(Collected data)
Content starts

lemma mistake_weight_True_plus_False:
  "mistake_weight H T n u True + mistake_weight H T n u False = (1 - (1/2) ^ length u) ^ n"
proof -
  let ?D = "{..<n} \<rightarrow>\<^sub>E prefix_nodes T u" and ?w = "\<lambda>S. \<Prod>i<n. prefix_weight T u (S i)"
  have fin: "finite ?D" by (simp add: prefix_nodes_def finite_PiE)
  have "mistake_weight H T n u True + mistake_weight H T n u False = sum ?w ?D"
    unfolding mistake_weight_def
    by (subst sum.union_disjoint[symmetric]) (use fin in \<open>auto intro: sum.cong\<close>)
  also have "\<dots> = (\<Prod>i<n. \<Sum>p\<in>prefix_nodes T u. prefix_weight T u p)"
    by (rule prod_sum_PiE[symmetric]) (simp_all add: prefix_nodes_def)
  finally show ?thesis by (simp add: sum_prefix_weight)
qed

definition adversary_label :: "(nat \<Rightarrow> (nat \<Rightarrow> 'x \<times> bool) \<Rightarrow> 'x \<Rightarrow> bool) \<Rightarrow> (bool list \<Rightarrow> 'x) \<Rightarrow> nat \<Rightarrow> bool list \<Rightarrow> bool" where
  "adversary_label H T n u \<longleftrightarrow> mistake_weight H T n u False \<le> mistake_weight H T n u True"

lemma mistake_weight_adversary_label:
  "(1 - (1/2) ^ length u) ^ n / 2 \<le> mistake_weight H T n u (adversary_label H T n u)"
  using mistake_weight_True_plus_False[of H T n u] unfolding adversary_label_def
  by (cases "mistake_weight H T n u False \<le> mistake_weight H T n u True") auto

primrec adversary_prefix :: "(nat \<Rightarrow> (nat \<Rightarrow> 'x \<times> bool) \<Rightarrow> 'x \<Rightarrow> bool) \<Rightarrow> (bool list \<Rightarrow> 'x) \<Rightarrow> nat \<Rightarrow> bool list" where
  "adversary_prefix H T 0 = []"
| "adversary_prefix H T (Suc k) =
     adversary_prefix H T k @ [adversary_label H T (2 ^ (k - 2)) (adversary_prefix H T k)]"

definition adversary_branch :: "(nat \<Rightarrow> (nat \<Rightarrow> 'x \<times> bool) \<Rightarrow> 'x \<Rightarrow> bool) \<Rightarrow> (bool list \<Rightarrow> 'x) \<Rightarrow> nat \<Rightarrow> bool" where
  "adversary_branch H T k = adversary_label H T (2 ^ (k - 2)) (adversary_prefix H T k)"

lemma adversary_prefix_eq_map: "adversary_prefix H T k = map (adversary_branch H T) [0..<k]"
  by (induction k) (simp_all add: adversary_branch_def)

Content ends

= WHAT YOU WILL DO =
Your answer must be the lines from the first line of the records through the line containing "nat \<Rightarrow> bool list \<Rightarrow>", copied exactly.

= RESULT =
lemma mistake_weight_True_plus_False:
  "mistake_weight H T n u True + mistake_weight H T n u False = (1 - (1/2) ^ length u) ^ n"
proof -
  let ?D = "{..<n} \<rightarrow>\<^sub>E prefix_nodes T u" and ?w = "\<lambda>S. \<Prod>i<n. prefix_weight T u (S i)"
  have fin: "finite ?D" by (simp add: prefix_nodes_def finite_PiE)
  have "mistake_weight H T n u True + mistake_weight H T n u False = sum ?w ?D"
    unfolding mistake_weight_def
    by (subst sum.union_disjoint[symmetric]) (use fin in \<open>auto intro: sum.cong\<close>)
  also have "\<dots> = (\<Prod>i<n. \<Sum>p\<in>prefix_nodes T u. prefix_weight T u p)"
    by (rule prod_sum_PiE[symmetric]) (simp_all add: prefix_nodes_def)
  finally show ?thesis by (simp add: sum_prefix_weight)
qed

definition adversary_label :: "(nat \<Rightarrow> (nat \<Rightarrow> 'x \<times> bool) \<Rightarrow> 'x \<Rightarrow> bool) \<Rightarrow> (bool list \<Rightarrow> 'x) \<Rightarrow> nat \<Rightarrow> bool list \<Rightarrow> bool" where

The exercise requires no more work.